Exercise:
Find the line containing "text \<open>Coefficient vectors" in the entries below. Restate it and each line after it, word for word, up to and including the line containing "(\<forall>x\<in>ball 0 R.".

Data to use:
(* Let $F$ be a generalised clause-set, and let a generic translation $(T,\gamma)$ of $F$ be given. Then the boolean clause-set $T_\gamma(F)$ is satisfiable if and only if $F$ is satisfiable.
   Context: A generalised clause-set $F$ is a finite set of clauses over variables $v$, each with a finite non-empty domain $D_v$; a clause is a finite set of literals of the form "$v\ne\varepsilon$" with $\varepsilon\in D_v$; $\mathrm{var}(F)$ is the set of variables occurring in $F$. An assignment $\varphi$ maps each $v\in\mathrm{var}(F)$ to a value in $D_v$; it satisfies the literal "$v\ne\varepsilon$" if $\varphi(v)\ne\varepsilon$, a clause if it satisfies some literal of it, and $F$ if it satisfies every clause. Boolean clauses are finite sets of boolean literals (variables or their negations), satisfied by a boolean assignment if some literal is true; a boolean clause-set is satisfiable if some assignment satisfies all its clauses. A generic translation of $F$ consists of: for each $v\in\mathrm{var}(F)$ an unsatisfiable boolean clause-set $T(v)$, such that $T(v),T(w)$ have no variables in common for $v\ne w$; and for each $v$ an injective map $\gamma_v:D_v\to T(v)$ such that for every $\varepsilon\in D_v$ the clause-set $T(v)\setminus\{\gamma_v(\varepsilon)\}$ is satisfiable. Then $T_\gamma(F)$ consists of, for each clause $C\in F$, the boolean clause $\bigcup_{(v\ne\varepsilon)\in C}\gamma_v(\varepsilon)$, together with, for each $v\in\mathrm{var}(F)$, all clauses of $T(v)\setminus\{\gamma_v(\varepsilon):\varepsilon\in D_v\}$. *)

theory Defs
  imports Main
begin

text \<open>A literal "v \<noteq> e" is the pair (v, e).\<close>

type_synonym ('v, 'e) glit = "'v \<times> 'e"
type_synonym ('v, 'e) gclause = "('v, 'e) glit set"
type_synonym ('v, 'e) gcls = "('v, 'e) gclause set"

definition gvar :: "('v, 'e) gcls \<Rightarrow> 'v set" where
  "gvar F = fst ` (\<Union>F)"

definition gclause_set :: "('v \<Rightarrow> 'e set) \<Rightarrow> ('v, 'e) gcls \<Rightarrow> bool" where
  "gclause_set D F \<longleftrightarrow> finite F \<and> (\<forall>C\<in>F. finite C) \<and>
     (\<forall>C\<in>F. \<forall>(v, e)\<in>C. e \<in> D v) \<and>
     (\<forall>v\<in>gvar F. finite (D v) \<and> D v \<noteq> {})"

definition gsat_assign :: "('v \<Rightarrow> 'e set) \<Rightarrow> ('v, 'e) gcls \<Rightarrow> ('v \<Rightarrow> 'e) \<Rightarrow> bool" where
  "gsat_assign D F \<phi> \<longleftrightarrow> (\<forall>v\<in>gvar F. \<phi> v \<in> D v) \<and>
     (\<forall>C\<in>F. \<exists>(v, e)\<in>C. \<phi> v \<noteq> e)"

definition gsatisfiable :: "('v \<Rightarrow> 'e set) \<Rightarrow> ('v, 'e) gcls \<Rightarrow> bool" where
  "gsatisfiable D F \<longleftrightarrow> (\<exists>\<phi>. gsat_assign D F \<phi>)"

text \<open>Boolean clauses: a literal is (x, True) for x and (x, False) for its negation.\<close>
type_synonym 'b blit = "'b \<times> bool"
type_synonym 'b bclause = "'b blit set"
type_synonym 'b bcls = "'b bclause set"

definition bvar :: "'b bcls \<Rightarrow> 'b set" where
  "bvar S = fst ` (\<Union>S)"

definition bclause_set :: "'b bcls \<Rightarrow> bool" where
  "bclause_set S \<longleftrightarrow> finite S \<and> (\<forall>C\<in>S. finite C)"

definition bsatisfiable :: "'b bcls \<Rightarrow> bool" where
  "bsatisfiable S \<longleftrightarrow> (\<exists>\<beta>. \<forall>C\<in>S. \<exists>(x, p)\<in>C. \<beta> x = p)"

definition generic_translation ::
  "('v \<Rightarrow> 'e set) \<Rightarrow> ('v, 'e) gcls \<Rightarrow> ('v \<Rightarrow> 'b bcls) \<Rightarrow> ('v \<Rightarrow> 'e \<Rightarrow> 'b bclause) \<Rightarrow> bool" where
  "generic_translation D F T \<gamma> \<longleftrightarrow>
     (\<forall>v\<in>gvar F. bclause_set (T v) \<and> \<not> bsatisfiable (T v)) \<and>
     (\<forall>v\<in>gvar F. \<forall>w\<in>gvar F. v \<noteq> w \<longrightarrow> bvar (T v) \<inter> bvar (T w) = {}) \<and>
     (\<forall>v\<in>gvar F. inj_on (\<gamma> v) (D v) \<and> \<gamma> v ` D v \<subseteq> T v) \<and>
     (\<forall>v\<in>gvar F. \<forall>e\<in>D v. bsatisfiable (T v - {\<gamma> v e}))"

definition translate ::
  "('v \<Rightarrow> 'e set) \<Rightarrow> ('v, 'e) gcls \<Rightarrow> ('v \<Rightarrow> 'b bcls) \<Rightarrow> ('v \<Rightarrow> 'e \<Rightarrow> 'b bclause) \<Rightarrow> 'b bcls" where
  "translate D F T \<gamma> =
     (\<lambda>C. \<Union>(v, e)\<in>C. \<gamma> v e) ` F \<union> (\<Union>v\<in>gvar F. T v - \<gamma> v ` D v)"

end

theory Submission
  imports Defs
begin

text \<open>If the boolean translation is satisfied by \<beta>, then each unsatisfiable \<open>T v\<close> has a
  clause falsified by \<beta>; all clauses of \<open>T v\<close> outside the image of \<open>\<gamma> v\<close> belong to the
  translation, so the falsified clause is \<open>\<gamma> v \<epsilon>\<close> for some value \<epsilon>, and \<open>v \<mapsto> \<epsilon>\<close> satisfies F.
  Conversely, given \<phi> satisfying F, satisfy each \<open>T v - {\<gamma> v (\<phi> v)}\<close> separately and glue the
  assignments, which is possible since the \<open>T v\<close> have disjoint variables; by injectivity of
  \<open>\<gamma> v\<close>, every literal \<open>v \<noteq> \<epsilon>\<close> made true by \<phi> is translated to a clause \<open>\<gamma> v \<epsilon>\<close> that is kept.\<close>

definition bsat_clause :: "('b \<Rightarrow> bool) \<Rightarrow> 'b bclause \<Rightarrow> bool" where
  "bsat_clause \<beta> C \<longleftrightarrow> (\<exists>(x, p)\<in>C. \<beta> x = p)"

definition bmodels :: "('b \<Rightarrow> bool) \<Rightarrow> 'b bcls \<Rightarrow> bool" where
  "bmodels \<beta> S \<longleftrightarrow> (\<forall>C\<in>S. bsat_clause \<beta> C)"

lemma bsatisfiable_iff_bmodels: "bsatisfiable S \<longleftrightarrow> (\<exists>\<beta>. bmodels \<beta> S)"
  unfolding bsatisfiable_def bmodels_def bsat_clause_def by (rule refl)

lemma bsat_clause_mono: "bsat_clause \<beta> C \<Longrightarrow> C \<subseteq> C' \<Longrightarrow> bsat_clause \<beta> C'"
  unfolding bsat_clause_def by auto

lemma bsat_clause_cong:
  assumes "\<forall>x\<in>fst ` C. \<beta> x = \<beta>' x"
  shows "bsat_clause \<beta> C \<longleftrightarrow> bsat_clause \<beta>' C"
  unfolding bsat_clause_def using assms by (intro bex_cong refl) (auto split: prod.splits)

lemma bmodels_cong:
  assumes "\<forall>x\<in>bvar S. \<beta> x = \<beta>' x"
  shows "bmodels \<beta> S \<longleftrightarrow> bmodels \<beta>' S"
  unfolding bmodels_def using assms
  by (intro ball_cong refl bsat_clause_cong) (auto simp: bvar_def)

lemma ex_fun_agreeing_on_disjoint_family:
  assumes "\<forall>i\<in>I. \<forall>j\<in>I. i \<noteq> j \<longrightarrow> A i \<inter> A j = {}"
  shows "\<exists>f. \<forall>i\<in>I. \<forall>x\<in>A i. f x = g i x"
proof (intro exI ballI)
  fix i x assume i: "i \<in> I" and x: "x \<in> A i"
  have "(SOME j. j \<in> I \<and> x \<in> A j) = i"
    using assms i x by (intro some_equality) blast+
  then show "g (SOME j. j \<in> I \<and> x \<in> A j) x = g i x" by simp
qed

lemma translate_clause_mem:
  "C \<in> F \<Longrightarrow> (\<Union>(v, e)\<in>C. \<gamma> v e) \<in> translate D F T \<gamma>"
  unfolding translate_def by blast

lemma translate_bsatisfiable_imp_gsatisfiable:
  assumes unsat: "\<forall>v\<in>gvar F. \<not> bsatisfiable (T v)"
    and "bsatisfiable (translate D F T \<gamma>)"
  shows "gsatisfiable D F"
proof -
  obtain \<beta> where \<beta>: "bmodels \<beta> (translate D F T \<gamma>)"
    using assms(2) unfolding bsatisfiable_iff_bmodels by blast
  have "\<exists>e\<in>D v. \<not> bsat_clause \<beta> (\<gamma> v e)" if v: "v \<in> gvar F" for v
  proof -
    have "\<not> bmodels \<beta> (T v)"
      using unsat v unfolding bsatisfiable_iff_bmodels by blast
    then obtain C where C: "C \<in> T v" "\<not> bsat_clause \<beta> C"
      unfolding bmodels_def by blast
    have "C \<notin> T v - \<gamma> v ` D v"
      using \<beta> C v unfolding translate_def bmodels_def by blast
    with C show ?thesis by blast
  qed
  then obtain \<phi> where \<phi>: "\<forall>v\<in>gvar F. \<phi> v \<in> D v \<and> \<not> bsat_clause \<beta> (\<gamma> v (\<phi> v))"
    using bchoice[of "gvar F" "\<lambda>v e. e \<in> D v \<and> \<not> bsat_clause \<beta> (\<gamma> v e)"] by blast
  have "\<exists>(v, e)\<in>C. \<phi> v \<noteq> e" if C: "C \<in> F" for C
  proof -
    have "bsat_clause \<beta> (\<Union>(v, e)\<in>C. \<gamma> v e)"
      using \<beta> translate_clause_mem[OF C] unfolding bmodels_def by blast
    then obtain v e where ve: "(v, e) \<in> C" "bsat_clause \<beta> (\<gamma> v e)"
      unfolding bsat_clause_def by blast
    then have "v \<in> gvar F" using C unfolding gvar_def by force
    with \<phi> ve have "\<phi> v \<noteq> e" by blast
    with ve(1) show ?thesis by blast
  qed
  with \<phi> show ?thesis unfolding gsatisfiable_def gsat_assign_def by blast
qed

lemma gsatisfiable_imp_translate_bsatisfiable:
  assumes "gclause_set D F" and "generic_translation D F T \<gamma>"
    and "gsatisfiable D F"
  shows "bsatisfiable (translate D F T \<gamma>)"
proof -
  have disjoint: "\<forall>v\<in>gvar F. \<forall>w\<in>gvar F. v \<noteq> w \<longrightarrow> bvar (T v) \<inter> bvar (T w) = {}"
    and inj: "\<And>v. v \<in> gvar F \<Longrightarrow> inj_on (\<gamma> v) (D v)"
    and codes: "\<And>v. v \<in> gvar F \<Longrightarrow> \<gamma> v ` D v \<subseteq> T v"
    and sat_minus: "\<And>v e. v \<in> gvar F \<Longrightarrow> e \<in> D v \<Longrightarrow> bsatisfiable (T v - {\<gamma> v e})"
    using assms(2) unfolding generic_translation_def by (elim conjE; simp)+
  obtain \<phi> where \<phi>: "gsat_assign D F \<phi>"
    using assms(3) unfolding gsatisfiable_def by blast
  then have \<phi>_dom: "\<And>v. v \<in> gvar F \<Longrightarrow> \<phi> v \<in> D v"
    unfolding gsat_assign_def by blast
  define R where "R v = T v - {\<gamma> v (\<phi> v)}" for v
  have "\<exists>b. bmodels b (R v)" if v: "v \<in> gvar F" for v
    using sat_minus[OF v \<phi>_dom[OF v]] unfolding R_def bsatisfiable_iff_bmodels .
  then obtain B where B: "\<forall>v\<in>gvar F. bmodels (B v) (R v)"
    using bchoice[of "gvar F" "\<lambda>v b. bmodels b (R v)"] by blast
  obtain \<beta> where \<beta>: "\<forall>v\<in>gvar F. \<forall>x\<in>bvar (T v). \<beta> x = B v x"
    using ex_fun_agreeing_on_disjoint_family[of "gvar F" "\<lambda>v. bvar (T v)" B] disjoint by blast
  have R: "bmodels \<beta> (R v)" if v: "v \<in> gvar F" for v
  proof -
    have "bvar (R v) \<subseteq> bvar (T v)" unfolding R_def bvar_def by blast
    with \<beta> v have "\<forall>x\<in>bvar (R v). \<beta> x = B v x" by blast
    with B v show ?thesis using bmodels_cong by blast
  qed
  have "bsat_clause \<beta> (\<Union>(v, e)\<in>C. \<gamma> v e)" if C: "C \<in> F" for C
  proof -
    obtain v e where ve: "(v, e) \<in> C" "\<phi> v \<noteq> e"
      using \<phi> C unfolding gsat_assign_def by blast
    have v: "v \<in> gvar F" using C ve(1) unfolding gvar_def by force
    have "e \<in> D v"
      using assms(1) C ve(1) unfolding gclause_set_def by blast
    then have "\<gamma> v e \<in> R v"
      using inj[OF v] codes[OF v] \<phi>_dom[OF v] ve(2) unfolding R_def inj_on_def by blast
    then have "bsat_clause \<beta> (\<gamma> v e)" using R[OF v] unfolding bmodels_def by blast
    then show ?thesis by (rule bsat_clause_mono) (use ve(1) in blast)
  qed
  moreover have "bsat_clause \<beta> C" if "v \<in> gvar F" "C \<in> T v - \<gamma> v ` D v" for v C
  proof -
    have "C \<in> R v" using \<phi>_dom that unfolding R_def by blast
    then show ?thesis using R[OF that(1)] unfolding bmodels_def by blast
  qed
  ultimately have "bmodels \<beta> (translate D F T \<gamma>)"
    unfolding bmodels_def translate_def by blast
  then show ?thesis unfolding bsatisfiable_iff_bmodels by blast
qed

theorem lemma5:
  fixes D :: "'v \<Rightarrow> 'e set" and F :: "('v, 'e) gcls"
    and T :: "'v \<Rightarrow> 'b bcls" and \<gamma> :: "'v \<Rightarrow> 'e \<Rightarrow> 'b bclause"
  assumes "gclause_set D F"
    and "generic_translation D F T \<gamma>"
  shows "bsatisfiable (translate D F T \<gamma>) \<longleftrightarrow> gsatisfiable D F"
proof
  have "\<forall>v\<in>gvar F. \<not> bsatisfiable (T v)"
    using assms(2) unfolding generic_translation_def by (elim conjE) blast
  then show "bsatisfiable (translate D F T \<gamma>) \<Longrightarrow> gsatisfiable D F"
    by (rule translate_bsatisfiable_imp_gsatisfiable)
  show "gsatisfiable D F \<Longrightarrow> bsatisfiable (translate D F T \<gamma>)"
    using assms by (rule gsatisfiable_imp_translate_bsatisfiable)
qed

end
--
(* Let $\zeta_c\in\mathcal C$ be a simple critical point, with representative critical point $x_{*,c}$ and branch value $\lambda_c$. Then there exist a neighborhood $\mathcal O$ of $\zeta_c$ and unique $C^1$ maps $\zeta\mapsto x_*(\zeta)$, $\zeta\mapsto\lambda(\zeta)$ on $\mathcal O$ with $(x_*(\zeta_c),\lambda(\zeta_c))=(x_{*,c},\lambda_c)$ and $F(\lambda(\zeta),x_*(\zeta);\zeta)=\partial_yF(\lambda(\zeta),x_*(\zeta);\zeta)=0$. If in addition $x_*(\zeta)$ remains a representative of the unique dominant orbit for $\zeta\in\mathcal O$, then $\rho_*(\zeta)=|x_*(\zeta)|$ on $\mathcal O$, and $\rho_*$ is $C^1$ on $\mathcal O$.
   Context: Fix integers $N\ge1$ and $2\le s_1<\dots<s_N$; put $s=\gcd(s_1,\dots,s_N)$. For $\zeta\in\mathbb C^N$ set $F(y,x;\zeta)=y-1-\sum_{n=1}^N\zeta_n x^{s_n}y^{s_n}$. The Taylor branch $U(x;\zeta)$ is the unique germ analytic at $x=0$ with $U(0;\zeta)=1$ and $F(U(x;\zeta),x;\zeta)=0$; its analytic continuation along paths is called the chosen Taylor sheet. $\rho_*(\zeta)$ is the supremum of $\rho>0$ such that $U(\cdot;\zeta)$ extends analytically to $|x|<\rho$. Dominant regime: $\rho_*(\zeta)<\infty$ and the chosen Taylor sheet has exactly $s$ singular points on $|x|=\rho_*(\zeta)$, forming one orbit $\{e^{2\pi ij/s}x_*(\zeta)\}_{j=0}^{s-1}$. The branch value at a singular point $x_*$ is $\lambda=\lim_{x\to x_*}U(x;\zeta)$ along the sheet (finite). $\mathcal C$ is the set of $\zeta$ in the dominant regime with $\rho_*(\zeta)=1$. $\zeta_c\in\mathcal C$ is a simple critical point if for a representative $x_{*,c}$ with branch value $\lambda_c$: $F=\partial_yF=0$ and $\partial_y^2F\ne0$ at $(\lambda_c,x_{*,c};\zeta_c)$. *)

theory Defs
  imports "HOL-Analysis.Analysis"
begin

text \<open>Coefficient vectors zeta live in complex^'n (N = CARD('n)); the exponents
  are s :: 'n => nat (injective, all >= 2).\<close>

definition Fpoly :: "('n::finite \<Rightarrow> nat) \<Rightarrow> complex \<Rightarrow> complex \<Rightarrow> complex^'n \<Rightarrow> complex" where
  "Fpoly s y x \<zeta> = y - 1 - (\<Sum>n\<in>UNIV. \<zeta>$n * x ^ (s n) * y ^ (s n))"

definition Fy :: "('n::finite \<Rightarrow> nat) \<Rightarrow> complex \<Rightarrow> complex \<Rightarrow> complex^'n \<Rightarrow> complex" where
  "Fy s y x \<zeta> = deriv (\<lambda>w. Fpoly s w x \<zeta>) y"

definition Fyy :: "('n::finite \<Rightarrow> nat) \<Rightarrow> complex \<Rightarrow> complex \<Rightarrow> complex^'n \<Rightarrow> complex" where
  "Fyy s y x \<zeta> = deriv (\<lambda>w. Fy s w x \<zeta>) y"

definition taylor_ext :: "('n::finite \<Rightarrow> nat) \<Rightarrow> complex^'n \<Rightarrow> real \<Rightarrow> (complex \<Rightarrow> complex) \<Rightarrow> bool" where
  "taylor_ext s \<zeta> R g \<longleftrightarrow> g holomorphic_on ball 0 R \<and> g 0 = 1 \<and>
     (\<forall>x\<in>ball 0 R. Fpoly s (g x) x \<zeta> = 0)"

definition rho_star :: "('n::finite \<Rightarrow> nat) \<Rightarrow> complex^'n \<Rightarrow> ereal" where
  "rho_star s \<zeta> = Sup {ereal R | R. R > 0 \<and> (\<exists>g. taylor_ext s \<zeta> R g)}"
==
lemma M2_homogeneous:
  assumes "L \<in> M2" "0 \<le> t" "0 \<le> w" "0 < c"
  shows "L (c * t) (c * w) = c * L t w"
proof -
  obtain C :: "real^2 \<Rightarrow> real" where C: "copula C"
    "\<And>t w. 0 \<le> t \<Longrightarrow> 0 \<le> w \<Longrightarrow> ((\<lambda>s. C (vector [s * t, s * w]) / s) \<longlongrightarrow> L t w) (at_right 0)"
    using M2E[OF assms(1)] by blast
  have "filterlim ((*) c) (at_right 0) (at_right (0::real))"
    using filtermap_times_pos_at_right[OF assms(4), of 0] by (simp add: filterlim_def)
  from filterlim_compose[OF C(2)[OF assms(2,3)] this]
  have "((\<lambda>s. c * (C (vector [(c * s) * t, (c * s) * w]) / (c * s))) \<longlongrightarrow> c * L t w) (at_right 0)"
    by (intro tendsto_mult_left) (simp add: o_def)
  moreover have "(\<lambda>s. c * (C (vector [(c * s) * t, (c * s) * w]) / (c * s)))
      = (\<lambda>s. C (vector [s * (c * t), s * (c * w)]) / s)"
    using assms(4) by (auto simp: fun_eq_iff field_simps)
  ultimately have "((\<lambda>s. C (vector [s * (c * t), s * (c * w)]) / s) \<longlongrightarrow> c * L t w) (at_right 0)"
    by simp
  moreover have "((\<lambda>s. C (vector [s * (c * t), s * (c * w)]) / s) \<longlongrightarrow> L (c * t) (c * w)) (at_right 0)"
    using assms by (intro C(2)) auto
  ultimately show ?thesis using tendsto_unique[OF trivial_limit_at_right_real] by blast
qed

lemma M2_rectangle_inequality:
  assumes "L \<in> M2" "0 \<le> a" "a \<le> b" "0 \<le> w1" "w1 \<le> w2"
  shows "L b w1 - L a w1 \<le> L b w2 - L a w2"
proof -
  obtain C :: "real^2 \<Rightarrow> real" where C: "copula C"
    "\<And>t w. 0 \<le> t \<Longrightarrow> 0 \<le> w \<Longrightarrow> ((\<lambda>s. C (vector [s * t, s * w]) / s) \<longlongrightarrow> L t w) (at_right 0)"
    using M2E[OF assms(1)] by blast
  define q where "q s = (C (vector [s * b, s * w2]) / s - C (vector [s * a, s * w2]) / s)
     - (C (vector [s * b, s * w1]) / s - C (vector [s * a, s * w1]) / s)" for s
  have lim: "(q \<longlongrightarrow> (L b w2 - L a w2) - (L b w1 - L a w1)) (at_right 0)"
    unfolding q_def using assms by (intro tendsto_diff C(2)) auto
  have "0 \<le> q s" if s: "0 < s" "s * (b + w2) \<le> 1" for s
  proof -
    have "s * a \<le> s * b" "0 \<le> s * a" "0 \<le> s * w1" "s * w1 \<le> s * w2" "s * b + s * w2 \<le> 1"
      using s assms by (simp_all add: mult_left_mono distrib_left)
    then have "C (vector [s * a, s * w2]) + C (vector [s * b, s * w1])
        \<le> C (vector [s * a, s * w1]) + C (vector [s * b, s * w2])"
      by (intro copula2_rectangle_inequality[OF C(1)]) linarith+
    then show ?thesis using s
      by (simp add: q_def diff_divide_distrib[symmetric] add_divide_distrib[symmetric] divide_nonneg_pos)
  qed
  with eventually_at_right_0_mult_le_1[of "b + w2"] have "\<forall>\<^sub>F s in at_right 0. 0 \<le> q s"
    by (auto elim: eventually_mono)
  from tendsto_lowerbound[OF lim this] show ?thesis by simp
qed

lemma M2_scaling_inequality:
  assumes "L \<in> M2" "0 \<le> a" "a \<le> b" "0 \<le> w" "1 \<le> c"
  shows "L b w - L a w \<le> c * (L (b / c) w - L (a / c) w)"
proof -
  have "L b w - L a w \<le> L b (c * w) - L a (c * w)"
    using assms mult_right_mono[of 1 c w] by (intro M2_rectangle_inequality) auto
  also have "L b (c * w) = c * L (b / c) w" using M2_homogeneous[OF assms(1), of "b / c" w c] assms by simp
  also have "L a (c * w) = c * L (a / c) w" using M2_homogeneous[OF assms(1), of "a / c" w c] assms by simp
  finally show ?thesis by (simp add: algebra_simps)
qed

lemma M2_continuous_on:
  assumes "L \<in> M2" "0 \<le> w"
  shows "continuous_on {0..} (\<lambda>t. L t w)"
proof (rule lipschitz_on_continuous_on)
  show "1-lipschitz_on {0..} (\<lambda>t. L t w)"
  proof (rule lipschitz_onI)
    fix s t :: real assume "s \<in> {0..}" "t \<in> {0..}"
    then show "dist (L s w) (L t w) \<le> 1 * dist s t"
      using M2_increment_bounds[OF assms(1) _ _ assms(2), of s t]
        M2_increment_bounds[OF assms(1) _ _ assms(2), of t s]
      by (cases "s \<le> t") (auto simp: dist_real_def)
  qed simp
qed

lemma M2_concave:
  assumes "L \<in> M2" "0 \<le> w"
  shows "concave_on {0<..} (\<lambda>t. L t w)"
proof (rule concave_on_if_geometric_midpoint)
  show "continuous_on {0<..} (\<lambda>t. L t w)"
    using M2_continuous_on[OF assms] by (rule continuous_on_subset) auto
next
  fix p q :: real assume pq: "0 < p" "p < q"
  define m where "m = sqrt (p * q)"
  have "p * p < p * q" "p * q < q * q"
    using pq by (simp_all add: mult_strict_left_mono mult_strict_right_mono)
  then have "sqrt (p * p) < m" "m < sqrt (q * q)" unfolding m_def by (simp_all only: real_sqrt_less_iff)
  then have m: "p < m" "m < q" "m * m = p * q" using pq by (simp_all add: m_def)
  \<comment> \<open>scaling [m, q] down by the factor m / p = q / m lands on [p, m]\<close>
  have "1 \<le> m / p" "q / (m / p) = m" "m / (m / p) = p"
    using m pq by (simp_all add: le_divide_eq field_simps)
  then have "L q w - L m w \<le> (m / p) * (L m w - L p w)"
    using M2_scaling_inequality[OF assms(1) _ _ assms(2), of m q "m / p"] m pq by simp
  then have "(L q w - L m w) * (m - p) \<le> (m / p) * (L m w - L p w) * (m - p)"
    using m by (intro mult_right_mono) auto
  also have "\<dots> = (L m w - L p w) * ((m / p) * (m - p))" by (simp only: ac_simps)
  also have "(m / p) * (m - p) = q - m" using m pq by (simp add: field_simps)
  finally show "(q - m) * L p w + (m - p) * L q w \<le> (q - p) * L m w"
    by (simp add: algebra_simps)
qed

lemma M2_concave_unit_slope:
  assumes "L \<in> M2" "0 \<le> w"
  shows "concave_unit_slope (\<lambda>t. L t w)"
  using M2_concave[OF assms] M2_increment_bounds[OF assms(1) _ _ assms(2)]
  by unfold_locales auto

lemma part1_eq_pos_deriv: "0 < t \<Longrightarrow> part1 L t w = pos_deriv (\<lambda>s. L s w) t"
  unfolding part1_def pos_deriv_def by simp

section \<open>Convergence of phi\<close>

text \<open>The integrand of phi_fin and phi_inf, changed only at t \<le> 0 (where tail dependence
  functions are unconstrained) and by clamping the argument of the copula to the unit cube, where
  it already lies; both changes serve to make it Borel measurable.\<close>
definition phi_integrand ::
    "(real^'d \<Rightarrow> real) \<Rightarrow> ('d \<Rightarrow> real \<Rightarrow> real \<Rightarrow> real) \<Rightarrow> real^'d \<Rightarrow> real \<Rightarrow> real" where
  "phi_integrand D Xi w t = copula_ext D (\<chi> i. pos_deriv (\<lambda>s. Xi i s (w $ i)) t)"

Answer to the problem:
text \<open>Coefficient vectors zeta live in complex^'n (N = CARD('n)); the exponents
  are s :: 'n => nat (injective, all >= 2).\<close>

definition Fpoly :: "('n::finite \<Rightarrow> nat) \<Rightarrow> complex \<Rightarrow> complex \<Rightarrow> complex^'n \<Rightarrow> complex" where
  "Fpoly s y x \<zeta> = y - 1 - (\<Sum>n\<in>UNIV. \<zeta>$n * x ^ (s n) * y ^ (s n))"

definition Fy :: "('n::finite \<Rightarrow> nat) \<Rightarrow> complex \<Rightarrow> complex \<Rightarrow> complex^'n \<Rightarrow> complex" where
  "Fy s y x \<zeta> = deriv (\<lambda>w. Fpoly s w x \<zeta>) y"

definition Fyy :: "('n::finite \<Rightarrow> nat) \<Rightarrow> complex \<Rightarrow> complex \<Rightarrow> complex^'n \<Rightarrow> complex" where
  "Fyy s y x \<zeta> = deriv (\<lambda>w. Fy s w x \<zeta>) y"

definition taylor_ext :: "('n::finite \<Rightarrow> nat) \<Rightarrow> complex^'n \<Rightarrow> real \<Rightarrow> (complex \<Rightarrow> complex) \<Rightarrow> bool" where
  "taylor_ext s \<zeta> R g \<longleftrightarrow> g holomorphic_on ball 0 R \<and> g 0 = 1 \<and>
     (\<forall>x\<in>ball 0 R. Fpoly s (g x) x \<zeta> = 0)"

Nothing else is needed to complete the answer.